Work instruction
Among the lines below, some may contain the string "obtain". Say how many do, and give nothing besides the number.

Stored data

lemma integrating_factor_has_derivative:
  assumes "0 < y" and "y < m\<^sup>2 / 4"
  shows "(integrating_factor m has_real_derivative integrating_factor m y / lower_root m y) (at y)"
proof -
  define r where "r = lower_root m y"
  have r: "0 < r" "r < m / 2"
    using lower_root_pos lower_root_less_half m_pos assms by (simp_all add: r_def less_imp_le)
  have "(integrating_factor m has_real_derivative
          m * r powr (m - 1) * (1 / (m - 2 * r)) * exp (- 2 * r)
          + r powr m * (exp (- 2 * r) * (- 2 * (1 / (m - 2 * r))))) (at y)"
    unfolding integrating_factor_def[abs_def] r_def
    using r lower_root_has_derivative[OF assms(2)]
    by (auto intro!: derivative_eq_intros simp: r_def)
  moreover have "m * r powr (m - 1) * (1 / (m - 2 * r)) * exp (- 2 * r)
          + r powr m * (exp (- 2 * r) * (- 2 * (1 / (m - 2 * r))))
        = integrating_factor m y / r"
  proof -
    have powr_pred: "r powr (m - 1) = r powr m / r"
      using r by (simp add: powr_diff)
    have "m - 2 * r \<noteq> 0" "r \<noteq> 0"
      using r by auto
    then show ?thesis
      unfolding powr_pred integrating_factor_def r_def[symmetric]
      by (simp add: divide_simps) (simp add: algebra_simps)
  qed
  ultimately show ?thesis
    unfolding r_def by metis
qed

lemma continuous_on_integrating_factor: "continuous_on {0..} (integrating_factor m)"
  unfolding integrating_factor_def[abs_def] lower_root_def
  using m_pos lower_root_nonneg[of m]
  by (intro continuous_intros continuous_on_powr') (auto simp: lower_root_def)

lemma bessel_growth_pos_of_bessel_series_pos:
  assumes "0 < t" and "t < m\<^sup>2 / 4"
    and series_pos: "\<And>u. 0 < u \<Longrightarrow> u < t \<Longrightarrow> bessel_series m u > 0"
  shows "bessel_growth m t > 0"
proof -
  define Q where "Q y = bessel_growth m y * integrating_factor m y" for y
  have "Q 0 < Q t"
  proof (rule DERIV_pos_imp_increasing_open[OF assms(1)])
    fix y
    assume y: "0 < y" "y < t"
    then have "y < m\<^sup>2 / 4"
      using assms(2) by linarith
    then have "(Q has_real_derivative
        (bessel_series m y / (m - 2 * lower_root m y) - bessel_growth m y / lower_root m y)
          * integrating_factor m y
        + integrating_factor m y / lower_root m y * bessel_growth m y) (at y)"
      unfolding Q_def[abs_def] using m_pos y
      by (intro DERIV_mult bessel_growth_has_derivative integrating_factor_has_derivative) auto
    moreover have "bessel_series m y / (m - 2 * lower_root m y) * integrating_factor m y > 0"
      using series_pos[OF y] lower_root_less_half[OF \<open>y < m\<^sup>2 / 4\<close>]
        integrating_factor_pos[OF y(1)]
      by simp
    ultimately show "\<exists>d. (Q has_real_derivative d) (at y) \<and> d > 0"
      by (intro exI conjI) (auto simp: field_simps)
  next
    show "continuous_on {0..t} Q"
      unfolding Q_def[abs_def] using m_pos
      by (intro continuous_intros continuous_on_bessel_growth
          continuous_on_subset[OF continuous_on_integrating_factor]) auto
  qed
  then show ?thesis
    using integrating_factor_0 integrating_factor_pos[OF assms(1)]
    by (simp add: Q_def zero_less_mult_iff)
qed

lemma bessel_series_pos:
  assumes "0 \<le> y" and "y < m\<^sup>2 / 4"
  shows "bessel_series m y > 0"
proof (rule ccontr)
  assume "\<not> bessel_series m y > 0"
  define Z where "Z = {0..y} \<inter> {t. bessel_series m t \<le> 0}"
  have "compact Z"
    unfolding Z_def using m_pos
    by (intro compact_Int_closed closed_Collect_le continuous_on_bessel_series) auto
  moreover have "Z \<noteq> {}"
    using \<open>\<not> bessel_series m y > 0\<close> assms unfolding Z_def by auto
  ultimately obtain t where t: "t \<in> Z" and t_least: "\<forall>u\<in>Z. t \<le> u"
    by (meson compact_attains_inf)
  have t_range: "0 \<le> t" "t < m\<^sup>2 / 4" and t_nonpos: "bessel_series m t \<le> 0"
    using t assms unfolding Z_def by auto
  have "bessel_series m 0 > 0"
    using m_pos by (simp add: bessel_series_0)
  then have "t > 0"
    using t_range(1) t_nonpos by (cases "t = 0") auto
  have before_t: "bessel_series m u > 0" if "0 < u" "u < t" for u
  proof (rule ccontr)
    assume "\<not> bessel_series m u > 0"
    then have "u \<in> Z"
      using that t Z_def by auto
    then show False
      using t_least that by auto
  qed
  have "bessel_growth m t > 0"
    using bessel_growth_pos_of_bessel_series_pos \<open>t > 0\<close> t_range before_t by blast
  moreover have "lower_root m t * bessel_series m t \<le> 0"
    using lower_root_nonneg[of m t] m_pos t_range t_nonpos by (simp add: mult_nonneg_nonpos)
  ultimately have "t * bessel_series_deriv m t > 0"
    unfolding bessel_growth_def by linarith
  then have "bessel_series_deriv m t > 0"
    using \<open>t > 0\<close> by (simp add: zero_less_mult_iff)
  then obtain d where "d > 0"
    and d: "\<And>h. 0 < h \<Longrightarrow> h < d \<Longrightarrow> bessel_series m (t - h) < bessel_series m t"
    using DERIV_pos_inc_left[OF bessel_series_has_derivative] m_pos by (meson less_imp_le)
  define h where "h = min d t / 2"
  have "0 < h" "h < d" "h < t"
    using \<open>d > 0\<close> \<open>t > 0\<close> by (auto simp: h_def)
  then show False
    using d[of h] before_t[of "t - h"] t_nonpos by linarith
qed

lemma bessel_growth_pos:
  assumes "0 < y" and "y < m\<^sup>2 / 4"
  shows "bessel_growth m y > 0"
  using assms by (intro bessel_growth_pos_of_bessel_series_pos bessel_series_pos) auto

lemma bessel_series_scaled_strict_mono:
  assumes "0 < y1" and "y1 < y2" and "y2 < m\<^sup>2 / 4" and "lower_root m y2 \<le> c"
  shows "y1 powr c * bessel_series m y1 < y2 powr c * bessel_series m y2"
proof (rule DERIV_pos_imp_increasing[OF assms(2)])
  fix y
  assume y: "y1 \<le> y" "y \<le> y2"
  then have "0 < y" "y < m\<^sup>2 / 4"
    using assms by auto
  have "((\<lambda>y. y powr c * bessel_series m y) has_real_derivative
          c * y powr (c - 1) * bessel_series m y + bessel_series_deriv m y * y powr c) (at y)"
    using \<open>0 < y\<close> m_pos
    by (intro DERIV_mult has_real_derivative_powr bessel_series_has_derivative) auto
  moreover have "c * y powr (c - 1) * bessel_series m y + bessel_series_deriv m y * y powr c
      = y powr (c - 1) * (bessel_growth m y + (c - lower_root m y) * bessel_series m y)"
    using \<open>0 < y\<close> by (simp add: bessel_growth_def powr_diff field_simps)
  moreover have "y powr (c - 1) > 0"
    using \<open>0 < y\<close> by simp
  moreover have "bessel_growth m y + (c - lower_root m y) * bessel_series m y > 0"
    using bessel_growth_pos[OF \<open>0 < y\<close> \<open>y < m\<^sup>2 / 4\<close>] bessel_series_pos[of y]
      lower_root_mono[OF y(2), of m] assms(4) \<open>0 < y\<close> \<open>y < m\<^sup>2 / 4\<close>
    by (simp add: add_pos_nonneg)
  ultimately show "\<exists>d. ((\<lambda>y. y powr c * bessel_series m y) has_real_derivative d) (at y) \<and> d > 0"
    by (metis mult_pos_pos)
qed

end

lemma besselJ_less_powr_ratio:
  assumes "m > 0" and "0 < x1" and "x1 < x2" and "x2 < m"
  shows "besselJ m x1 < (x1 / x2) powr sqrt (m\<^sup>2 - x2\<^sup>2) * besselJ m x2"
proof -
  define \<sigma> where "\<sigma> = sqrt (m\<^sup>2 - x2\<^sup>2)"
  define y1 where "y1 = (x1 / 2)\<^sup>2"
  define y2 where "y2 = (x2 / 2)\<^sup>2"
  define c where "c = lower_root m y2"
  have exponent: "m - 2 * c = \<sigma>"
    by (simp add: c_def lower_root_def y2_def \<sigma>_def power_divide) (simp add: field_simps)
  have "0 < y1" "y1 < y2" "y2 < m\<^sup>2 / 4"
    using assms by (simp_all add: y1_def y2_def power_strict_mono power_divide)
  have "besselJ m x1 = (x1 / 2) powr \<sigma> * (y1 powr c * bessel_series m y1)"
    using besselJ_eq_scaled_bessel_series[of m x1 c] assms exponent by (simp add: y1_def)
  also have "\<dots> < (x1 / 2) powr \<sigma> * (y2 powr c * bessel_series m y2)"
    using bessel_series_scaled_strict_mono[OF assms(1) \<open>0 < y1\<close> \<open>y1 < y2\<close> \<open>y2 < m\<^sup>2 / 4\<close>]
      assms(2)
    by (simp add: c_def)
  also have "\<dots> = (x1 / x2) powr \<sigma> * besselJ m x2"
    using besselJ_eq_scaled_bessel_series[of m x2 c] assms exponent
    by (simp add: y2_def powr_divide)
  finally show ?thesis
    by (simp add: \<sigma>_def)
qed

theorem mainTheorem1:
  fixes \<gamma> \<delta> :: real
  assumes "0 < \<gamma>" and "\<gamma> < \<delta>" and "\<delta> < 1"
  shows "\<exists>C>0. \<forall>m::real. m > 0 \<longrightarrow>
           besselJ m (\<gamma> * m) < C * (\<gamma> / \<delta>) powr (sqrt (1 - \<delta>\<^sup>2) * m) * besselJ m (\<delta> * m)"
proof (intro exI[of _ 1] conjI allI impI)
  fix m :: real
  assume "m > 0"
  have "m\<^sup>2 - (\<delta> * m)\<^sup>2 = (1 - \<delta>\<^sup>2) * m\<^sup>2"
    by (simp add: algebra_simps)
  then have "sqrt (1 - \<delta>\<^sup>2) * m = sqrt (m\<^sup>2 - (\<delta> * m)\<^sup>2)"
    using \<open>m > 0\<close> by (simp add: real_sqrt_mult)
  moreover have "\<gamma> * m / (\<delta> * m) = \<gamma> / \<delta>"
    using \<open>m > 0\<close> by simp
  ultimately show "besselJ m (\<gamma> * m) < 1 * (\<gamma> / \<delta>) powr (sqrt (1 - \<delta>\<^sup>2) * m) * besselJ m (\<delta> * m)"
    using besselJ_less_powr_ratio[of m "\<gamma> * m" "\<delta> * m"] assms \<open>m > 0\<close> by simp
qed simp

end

Reply
2